■ PROMPT ■
Find the number of lines below in which the word "nonincreasing" occurs. Write only that number.

DATA EXTRACTS: Begin

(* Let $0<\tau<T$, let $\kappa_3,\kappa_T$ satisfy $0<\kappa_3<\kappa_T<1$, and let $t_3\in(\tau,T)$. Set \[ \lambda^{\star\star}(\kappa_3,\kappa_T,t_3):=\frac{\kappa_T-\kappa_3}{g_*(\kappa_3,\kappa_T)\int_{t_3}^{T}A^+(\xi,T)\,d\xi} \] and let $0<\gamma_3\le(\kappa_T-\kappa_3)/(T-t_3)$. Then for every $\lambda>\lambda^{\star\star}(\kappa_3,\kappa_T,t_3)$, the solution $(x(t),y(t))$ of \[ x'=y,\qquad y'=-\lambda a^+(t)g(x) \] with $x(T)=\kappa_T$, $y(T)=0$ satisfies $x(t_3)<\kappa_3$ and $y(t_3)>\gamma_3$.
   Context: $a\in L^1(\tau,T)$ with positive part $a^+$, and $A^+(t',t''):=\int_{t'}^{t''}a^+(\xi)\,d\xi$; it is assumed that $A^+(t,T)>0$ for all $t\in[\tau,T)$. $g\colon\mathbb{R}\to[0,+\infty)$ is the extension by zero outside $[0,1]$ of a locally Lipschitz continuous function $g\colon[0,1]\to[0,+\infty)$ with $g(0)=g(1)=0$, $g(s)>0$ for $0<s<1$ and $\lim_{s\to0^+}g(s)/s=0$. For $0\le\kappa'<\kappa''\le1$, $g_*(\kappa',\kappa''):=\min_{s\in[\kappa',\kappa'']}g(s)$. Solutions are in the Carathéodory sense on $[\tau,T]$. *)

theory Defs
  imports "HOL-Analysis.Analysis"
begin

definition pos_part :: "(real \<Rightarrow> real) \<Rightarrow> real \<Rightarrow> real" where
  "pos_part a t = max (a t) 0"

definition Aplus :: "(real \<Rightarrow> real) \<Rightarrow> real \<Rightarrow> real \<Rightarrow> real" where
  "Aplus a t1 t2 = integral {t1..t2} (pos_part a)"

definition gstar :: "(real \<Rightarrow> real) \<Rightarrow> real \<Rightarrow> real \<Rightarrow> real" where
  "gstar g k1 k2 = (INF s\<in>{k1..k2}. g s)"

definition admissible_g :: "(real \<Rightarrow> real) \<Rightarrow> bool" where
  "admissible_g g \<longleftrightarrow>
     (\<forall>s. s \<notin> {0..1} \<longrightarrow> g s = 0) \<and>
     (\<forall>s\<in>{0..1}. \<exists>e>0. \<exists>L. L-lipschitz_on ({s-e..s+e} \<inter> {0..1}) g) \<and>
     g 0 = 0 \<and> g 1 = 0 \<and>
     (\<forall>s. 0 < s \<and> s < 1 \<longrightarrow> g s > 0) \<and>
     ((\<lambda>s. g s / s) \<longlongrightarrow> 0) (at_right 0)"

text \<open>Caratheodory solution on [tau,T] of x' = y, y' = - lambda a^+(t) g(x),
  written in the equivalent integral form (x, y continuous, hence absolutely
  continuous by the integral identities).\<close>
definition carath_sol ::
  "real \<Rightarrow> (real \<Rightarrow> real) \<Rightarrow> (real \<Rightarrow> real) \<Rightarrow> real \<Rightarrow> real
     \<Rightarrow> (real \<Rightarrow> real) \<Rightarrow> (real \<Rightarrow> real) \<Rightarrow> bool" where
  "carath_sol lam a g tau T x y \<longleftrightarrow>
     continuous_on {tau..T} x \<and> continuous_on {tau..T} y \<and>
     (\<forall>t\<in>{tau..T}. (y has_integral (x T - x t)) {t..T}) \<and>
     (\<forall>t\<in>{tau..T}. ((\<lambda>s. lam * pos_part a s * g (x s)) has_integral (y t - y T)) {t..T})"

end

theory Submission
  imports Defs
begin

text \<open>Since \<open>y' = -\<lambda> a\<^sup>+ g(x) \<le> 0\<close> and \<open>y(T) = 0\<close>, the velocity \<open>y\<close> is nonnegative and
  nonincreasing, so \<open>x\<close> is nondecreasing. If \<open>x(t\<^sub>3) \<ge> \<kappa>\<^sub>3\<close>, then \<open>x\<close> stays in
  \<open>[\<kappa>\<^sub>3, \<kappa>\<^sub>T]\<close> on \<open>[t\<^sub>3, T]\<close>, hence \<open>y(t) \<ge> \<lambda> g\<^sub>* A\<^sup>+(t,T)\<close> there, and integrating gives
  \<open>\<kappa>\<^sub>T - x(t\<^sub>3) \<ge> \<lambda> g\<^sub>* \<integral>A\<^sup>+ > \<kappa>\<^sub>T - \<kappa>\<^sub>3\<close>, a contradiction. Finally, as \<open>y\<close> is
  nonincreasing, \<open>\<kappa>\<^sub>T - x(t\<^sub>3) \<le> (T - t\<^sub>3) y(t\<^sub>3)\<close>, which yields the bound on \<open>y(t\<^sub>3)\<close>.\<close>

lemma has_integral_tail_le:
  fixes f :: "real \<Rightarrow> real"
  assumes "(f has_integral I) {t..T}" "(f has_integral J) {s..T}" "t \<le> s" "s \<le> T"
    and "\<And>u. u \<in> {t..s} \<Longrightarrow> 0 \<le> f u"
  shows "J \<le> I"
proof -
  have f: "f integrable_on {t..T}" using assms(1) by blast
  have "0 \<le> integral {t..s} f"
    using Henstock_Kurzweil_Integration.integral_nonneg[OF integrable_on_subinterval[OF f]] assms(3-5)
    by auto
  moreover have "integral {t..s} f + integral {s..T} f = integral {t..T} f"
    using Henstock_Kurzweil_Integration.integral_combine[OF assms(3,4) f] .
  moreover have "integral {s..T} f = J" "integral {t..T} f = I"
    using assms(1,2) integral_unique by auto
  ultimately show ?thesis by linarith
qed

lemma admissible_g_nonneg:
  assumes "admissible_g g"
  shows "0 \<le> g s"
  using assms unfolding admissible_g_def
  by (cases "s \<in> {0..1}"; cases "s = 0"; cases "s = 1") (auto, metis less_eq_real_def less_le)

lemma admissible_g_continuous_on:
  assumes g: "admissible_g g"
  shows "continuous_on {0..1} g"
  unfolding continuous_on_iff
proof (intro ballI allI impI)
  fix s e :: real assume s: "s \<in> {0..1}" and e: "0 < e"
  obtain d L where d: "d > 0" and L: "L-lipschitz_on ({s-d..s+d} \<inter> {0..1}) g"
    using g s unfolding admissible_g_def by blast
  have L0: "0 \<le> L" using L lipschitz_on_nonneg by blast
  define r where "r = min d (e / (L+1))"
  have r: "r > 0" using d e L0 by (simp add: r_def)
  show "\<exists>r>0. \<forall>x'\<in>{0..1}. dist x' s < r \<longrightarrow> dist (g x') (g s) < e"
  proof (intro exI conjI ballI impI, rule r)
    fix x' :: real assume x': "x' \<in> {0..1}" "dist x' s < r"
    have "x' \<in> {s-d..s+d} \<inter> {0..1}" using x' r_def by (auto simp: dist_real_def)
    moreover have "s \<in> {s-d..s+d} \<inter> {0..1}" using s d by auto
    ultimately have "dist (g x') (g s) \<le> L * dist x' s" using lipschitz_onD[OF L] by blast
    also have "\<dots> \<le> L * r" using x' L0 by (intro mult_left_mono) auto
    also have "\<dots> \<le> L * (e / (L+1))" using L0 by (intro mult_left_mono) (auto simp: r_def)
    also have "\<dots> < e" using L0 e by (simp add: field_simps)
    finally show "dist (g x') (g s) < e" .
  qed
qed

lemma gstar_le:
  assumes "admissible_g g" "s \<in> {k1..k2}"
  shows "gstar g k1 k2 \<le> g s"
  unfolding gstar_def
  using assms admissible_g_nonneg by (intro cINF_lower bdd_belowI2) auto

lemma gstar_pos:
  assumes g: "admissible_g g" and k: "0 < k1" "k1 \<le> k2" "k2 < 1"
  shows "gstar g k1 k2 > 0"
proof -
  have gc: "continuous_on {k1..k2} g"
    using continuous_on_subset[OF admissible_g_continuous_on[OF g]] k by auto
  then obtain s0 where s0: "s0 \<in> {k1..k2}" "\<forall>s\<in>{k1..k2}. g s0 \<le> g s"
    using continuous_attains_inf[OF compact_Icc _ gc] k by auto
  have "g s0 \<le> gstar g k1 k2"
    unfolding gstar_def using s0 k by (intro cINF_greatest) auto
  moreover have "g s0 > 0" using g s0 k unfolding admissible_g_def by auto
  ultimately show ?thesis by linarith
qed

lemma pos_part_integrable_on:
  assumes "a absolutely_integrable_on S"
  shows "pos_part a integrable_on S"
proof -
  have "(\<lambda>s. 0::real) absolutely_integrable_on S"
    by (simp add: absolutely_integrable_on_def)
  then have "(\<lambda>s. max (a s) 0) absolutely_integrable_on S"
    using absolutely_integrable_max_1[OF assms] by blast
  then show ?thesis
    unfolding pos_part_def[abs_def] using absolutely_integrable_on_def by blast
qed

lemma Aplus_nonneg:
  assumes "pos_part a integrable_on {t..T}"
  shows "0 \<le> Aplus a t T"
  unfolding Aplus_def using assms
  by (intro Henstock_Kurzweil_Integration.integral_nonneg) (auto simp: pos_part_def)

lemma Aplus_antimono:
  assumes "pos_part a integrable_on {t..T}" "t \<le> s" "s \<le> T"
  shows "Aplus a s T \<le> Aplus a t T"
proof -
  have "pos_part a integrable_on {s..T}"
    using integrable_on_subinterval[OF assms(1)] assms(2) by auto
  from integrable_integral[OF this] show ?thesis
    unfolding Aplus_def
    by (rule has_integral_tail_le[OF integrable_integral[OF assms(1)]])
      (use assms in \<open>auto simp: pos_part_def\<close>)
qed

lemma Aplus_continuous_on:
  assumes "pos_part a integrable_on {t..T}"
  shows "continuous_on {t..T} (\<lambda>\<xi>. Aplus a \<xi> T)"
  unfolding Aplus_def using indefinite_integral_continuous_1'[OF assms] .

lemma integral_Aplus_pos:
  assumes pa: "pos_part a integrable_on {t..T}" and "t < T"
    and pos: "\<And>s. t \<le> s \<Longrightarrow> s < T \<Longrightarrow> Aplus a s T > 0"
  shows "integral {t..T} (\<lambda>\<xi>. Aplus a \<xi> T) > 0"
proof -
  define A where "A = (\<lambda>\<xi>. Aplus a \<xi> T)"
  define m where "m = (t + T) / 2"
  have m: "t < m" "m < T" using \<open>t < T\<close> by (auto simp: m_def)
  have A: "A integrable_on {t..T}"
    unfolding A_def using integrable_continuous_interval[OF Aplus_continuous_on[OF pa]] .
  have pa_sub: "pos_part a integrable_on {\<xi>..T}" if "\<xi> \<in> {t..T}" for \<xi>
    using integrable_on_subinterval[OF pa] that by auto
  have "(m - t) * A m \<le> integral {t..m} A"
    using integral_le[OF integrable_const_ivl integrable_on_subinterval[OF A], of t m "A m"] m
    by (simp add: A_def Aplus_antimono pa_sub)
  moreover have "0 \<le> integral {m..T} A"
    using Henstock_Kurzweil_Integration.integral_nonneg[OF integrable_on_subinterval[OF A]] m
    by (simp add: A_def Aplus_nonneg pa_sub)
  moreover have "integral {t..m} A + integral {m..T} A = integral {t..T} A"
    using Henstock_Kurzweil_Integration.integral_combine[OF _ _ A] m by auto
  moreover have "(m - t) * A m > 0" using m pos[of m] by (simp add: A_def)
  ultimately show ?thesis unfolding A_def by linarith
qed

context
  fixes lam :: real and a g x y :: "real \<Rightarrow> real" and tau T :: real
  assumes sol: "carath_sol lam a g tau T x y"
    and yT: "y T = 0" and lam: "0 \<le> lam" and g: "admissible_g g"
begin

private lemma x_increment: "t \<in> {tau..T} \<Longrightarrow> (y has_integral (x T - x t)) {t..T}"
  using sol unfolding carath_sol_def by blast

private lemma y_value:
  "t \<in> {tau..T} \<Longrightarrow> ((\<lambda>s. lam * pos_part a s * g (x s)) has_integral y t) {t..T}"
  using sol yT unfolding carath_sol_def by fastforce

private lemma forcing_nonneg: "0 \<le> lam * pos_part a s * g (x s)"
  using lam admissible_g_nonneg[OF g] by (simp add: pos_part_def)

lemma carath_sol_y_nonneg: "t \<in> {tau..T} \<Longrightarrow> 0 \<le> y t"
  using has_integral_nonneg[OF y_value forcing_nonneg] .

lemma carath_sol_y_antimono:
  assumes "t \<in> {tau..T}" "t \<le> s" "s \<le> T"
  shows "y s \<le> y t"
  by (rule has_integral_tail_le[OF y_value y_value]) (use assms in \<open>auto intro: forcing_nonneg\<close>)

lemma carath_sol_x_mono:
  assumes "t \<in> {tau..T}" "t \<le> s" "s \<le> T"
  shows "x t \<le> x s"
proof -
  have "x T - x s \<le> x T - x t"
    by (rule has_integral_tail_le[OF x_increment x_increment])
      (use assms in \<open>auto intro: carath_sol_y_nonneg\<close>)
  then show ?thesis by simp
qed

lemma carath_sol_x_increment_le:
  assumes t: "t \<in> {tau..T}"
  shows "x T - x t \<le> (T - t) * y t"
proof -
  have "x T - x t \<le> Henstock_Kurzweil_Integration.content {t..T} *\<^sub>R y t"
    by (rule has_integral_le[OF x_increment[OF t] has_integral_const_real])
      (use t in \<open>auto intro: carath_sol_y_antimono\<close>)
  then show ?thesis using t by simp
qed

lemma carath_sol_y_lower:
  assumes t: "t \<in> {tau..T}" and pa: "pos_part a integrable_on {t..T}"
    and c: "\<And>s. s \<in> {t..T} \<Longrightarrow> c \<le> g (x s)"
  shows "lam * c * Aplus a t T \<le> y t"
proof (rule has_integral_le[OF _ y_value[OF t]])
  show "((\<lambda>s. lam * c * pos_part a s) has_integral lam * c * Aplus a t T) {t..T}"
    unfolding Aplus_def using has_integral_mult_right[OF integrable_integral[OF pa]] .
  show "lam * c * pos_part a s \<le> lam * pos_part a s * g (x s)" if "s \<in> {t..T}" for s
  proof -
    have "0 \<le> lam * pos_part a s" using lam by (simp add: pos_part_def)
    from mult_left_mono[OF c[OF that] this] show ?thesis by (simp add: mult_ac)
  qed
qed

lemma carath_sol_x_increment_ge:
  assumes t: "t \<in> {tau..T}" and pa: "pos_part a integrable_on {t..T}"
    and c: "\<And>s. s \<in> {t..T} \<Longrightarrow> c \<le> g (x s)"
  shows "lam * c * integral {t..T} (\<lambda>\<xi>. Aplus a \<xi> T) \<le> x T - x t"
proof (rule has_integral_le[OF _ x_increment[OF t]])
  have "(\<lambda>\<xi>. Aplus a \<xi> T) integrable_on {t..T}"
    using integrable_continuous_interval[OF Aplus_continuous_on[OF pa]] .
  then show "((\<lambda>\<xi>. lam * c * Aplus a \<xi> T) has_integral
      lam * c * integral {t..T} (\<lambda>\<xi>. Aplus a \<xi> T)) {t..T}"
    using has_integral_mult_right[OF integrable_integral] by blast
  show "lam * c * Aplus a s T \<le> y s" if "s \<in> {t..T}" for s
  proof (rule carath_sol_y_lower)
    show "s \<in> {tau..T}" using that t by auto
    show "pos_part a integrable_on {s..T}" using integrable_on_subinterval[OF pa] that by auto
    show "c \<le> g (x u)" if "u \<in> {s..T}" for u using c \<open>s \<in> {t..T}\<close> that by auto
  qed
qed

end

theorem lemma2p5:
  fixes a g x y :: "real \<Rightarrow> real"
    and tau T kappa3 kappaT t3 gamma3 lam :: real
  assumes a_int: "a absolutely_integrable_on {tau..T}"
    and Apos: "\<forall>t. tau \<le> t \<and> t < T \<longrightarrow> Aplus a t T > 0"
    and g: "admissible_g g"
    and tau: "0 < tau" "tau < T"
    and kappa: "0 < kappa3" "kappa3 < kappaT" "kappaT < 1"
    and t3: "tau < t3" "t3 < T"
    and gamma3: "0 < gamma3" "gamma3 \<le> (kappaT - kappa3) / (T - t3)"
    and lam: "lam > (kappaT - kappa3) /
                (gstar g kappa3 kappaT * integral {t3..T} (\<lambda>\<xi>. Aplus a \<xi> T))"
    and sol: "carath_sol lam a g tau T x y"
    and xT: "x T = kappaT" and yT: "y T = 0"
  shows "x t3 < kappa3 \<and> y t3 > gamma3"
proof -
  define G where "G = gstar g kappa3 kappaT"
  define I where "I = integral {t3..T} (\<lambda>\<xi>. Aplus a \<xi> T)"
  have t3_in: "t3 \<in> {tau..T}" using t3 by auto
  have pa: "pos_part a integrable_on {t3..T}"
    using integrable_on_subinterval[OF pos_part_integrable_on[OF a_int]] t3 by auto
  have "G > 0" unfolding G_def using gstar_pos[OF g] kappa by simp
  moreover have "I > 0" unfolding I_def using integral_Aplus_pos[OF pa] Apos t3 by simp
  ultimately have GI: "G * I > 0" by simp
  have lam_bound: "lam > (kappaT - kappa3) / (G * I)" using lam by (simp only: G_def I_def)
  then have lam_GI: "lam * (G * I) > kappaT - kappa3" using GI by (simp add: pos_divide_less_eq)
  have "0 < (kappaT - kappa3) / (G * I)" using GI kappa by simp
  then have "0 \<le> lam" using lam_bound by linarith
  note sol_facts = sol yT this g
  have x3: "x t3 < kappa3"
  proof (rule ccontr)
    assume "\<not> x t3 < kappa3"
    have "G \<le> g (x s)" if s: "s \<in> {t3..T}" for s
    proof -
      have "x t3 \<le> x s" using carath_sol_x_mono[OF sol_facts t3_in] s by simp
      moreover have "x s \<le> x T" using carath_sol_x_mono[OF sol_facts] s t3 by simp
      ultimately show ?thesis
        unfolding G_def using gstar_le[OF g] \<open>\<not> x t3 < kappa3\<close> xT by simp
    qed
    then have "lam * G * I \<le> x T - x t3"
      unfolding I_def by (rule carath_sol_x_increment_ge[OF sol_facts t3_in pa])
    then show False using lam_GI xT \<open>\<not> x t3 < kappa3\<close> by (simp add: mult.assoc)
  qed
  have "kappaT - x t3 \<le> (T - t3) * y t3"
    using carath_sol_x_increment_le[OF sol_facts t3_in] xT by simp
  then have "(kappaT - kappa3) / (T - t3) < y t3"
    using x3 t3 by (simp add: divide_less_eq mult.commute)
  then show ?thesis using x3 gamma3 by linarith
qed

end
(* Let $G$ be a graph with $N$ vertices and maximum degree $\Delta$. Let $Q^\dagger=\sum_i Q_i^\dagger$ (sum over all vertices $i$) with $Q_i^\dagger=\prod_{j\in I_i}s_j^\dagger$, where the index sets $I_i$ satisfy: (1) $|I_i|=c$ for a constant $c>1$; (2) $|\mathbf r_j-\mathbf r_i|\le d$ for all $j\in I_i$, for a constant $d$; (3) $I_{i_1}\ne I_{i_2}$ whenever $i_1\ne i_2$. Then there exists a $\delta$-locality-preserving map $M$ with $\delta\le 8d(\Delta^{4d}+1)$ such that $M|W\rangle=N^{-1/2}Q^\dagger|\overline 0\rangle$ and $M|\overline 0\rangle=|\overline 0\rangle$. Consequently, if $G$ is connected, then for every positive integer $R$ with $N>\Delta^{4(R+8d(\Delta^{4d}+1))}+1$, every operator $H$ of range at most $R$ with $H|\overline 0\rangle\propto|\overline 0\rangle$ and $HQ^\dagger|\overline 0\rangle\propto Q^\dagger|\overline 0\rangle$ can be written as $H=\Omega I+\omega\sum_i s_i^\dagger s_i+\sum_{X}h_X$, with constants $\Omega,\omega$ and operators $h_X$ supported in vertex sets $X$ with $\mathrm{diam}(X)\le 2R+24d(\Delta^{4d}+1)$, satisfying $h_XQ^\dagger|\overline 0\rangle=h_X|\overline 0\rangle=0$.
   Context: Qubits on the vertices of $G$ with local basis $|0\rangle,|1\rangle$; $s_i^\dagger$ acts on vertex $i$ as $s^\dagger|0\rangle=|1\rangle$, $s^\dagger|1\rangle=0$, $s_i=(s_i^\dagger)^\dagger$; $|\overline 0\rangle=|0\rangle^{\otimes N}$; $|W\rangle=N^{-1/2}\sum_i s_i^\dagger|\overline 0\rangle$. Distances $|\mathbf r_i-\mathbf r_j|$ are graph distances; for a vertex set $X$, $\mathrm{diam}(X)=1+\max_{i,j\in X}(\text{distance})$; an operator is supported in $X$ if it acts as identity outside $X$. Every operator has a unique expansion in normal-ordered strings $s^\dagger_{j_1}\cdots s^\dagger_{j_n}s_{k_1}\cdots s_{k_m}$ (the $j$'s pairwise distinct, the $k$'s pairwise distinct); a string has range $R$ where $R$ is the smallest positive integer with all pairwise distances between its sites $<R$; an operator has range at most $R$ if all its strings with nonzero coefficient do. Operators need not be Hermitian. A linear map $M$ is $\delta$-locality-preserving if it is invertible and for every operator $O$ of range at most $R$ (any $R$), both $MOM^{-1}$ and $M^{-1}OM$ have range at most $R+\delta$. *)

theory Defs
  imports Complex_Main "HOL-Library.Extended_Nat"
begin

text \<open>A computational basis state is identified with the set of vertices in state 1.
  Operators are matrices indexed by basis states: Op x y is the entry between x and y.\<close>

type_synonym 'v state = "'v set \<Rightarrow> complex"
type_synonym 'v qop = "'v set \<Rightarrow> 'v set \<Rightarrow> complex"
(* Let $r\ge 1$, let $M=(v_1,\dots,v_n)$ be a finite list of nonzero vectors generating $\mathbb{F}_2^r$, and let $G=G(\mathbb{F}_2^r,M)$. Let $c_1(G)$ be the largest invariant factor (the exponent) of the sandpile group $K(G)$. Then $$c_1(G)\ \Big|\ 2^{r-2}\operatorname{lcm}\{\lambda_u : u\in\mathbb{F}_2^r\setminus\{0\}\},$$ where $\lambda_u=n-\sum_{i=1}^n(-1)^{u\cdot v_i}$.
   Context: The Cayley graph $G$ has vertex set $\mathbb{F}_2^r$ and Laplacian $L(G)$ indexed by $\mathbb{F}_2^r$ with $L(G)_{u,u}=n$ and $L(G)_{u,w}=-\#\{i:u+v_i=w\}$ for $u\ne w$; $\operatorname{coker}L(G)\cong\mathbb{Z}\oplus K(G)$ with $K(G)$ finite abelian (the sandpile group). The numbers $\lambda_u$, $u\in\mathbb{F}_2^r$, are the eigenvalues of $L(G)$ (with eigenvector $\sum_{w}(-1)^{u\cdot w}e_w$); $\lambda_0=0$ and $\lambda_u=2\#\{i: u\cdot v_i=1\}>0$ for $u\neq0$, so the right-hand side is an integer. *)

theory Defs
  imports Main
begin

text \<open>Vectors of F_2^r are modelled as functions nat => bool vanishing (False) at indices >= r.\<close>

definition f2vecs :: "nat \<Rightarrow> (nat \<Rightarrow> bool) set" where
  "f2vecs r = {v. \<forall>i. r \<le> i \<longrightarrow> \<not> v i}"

DATA EXTRACTS: End

■ ANSWER TO THE PROBLEM ■
2